▶ Directions for this task: Nothing in the records may be altered, so transcribe them exactly.

▶ Information supplied:
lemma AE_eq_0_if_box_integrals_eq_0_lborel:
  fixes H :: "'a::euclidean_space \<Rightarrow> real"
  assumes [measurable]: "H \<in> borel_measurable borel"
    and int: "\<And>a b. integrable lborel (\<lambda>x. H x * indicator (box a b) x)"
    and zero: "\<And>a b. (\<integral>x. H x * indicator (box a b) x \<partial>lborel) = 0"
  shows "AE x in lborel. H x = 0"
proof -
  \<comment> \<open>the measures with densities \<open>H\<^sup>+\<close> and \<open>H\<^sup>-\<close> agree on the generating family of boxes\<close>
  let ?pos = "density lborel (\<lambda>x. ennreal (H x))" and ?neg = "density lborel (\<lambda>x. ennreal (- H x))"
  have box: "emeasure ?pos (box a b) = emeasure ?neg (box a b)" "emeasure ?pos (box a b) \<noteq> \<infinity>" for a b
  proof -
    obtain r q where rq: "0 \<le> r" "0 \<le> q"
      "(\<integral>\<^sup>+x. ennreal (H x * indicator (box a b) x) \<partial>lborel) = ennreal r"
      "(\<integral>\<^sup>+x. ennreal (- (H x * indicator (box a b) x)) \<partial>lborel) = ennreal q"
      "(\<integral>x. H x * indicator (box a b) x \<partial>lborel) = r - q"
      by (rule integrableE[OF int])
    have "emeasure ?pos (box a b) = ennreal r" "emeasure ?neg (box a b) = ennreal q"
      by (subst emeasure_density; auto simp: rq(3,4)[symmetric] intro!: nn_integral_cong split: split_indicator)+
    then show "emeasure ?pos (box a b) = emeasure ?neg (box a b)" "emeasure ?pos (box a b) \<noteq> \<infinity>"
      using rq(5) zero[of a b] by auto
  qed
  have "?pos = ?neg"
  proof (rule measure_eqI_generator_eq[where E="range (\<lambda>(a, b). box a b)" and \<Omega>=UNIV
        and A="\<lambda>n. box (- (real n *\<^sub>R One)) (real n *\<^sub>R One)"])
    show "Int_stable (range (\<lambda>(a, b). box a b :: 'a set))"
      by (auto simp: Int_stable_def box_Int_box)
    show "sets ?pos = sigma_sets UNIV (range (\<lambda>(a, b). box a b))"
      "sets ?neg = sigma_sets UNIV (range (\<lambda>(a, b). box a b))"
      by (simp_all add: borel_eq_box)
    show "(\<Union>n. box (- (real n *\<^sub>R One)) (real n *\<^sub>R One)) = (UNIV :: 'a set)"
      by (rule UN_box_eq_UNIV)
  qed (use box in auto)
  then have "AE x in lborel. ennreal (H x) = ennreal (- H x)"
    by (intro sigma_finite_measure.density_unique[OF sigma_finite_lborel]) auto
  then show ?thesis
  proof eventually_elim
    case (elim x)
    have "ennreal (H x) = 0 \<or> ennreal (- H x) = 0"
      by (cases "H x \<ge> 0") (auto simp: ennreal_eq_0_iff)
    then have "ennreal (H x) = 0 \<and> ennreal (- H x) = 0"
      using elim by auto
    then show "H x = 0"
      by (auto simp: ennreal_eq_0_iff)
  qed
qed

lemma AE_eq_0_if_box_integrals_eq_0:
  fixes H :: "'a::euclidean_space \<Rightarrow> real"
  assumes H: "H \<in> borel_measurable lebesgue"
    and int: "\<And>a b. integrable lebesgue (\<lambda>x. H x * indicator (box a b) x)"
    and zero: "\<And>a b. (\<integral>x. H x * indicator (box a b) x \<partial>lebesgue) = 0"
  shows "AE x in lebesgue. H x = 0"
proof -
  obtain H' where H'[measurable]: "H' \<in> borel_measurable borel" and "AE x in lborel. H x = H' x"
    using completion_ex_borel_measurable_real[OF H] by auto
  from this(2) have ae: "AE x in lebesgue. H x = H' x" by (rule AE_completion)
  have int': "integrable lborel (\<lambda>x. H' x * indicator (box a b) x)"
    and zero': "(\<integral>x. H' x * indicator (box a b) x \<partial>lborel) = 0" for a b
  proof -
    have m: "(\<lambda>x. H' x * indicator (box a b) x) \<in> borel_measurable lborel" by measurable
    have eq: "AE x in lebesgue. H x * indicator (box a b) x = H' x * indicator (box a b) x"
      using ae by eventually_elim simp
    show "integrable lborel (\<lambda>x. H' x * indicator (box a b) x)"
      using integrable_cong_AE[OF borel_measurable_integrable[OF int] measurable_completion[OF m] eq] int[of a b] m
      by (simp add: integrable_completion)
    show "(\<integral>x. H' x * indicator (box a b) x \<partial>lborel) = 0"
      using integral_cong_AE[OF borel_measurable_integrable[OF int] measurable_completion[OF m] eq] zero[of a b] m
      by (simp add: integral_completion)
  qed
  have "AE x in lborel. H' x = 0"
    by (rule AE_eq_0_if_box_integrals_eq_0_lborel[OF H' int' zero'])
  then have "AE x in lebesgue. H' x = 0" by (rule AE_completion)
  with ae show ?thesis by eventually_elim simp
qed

▶ Response area:
lemma AE_eq_0_if_box_integrals_eq_0_lborel:
  fixes H :: "'a::euclidean_space \<Rightarrow> real"
  assumes [measurable]: "H \<in> borel_measurable borel"
    and int: "\<And>a b. integrable lborel (\<lambda>x. H x * indicator (box a b) x)"
    and zero: "\<And>a b. (\<integral>x. H x * indicator (box a b) x \<partial>lborel) = 0"
  shows "AE x in lborel. H x = 0"
proof -
  \<comment> \<open>the measures with densities \<open>H\<^sup>+\<close> and \<open>H\<^sup>-\<close> agree on the generating family of boxes\<close>
  let ?pos = "density lborel (\<lambda>x. ennreal (H x))" and ?neg = "density lborel (\<lambda>x. ennreal (- H x))"
  have box: "emeasure ?pos (box a b) = emeasure ?neg (box a b)" "emeasure ?pos (box a b) \<noteq> \<infinity>" for a b
  proof -
    obtain r q where rq: "0 \<le> r" "0 \<le> q"
      "(\<integral>\<^sup>+x. ennreal (H x * indicator (box a b) x) \<partial>lborel) = ennreal r"
      "(\<integral>\<^sup>+x. ennreal (- (H x * indicator (box a b) x)) \<partial>lborel) = ennreal q"
      "(\<integral>x. H x * indicator (box a b) x \<partial>lborel) = r - q"
      by (rule integrableE[OF int])
    have "emeasure ?pos (box a b) = ennreal r" "emeasure ?neg (box a b) = ennreal q"
      by (subst emeasure_density; auto simp: rq(3,4)[symmetric] intro!: nn_integral_cong split: split_indicator)+
    then show "emeasure ?pos (box a b) = emeasure ?neg (box a b)" "emeasure ?pos (box a b) \<noteq> \<infinity>"
      using rq(5) zero[of a b] by auto
  qed
  have "?pos = ?neg"
  proof (rule measure_eqI_generator_eq[where E="range (\<lambda>(a, b). box a b)" and \<Omega>=UNIV
        and A="\<lambda>n. box (- (real n *\<^sub>R One)) (real n *\<^sub>R One)"])
    show "Int_stable (range (\<lambda>(a, b). box a b :: 'a set))"
      by (auto simp: Int_stable_def box_Int_box)
    show "sets ?pos = sigma_sets UNIV (range (\<lambda>(a, b). box a b))"
      "sets ?neg = sigma_sets UNIV (range (\<lambda>(a, b). box a b))"
      by (simp_all add: borel_eq_box)
    show "(\<Union>n. box (- (real n *\<^sub>R One)) (real n *\<^sub>R One)) = (UNIV :: 'a set)"
      by (rule UN_box_eq_UNIV)
  qed (use box in auto)
  then have "AE x in lborel. ennreal (H x) = ennreal (- H x)"
    by (intro sigma_finite_measure.density_unique[OF sigma_finite_lborel]) auto
  then show ?thesis
  proof eventually_elim
    case (elim x)
    have "ennreal (H x) = 0 \<or> ennreal (- H x) = 0"
      by (cases "H x \<ge> 0") (auto simp: ennreal_eq_0_iff)
    then have "ennreal (H x) = 0 \<and> ennreal (- H x) = 0"
      using elim by auto
    then show "H x = 0"
      by (auto simp: ennreal_eq_0_iff)
  qed
qed

lemma AE_eq_0_if_box_integrals_eq_0:
  fixes H :: "'a::euclidean_space \<Rightarrow> real"
  assumes H: "H \<in> borel_measurable lebesgue"
    and int: "\<And>a b. integrable lebesgue (\<lambda>x. H x * indicator (box a b) x)"
    and zero: "\<And>a b. (\<integral>x. H x * indicator (box a b) x \<partial>lebesgue) = 0"
  shows "AE x in lebesgue. H x = 0"
proof -
  obtain H' where H'[measurable]: "H' \<in> borel_measurable borel" and "AE x in lborel. H x = H' x"
    using completion_ex_borel_measurable_real[OF H] by auto
  from this(2) have ae: "AE x in lebesgue. H x = H' x" by (rule AE_completion)
  have int': "integrable lborel (\<lambda>x. H' x * indicator (box a b) x)"
    and zero': "(\<integral>x. H' x * indicator (box a b) x \<partial>lborel) = 0" for a b
  proof -
    have m: "(\<lambda>x. H' x * indicator (box a b) x) \<in> borel_measurable lborel" by measurable
    have eq: "AE x in lebesgue. H x * indicator (box a b) x = H' x * indicator (box a b) x"
      using ae by eventually_elim simp
    show "integrable lborel (\<lambda>x. H' x * indicator (box a b) x)"
      using integrable_cong_AE[OF borel_measurable_integrable[OF int] measurable_completion[OF m] eq] int[of a b] m
      by (simp add: integrable_completion)
    show "(\<integral>x. H' x * indicator (box a b) x \<partial>lborel) = 0"
      using integral_cong_AE[OF borel_measurable_integrable[OF int] measurable_completion[OF m] eq] zero[of a b] m
      by (simp add: integral_completion)
  qed
  have "AE x in lborel. H' x = 0"
    by (rule AE_eq_0_if_box_integrals_eq_0_lborel[OF H' int' zero'])
  then have "AE x in lebesgue. H' x = 0" by (rule AE_completion)
  with ae show ?thesis by eventually_elim simp
qed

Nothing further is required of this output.